§ DATASET ENTRIES:
........

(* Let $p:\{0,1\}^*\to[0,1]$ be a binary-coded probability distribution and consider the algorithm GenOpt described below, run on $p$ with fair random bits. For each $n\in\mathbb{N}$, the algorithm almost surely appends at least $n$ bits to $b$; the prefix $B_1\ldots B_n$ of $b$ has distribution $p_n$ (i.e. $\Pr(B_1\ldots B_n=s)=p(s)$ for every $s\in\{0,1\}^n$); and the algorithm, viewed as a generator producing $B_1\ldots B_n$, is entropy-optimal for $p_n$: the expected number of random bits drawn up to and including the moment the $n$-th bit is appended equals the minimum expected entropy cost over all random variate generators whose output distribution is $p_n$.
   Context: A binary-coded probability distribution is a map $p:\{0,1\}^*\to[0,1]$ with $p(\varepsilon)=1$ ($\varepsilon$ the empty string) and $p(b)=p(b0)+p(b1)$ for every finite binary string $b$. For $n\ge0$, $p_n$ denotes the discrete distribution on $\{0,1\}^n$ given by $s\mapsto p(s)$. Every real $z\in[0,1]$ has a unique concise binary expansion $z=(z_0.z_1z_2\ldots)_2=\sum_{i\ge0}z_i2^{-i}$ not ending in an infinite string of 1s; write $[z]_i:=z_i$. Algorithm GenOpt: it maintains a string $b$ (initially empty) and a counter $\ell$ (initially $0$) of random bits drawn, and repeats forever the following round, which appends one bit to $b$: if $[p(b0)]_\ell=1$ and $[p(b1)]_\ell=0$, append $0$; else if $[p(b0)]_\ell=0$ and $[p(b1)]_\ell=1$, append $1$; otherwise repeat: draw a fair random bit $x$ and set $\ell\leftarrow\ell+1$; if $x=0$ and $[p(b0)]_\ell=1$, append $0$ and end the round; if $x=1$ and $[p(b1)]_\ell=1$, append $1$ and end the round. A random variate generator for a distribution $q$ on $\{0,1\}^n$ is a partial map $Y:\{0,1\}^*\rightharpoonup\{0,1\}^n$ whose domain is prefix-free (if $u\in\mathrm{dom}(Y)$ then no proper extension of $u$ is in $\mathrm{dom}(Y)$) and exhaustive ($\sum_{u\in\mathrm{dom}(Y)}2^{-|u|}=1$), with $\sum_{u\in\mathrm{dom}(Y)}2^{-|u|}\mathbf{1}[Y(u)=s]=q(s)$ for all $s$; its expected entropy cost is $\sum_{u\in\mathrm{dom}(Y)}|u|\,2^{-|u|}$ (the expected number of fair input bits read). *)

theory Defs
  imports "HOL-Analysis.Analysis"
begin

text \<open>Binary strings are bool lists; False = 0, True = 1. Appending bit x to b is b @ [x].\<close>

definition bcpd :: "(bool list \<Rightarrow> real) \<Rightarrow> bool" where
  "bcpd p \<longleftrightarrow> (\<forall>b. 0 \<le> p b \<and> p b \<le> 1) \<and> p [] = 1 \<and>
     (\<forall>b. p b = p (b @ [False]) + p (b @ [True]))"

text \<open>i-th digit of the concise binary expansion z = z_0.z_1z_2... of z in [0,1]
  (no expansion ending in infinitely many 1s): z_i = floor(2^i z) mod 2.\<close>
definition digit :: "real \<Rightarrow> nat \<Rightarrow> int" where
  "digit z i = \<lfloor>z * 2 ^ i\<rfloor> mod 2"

........

§ YOUR ASSIGNMENT:
Output exactly the lines of the material above from the one containing "text \<open>Binary strings" up to and including the one containing "(no expansion ending".

§ WRITTEN SOLUTION:
text \<open>Binary strings are bool lists; False = 0, True = 1. Appending bit x to b is b @ [x].\<close>

definition bcpd :: "(bool list \<Rightarrow> real) \<Rightarrow> bool" where
  "bcpd p \<longleftrightarrow> (\<forall>b. 0 \<le> p b \<and> p b \<le> 1) \<and> p [] = 1 \<and>
     (\<forall>b. p b = p (b @ [False]) + p (b @ [True]))"

text \<open>i-th digit of the concise binary expansion z = z_0.z_1z_2... of z in [0,1]
  (no expansion ending in infinitely many 1s): z_i = floor(2^i z) mod 2.\<close>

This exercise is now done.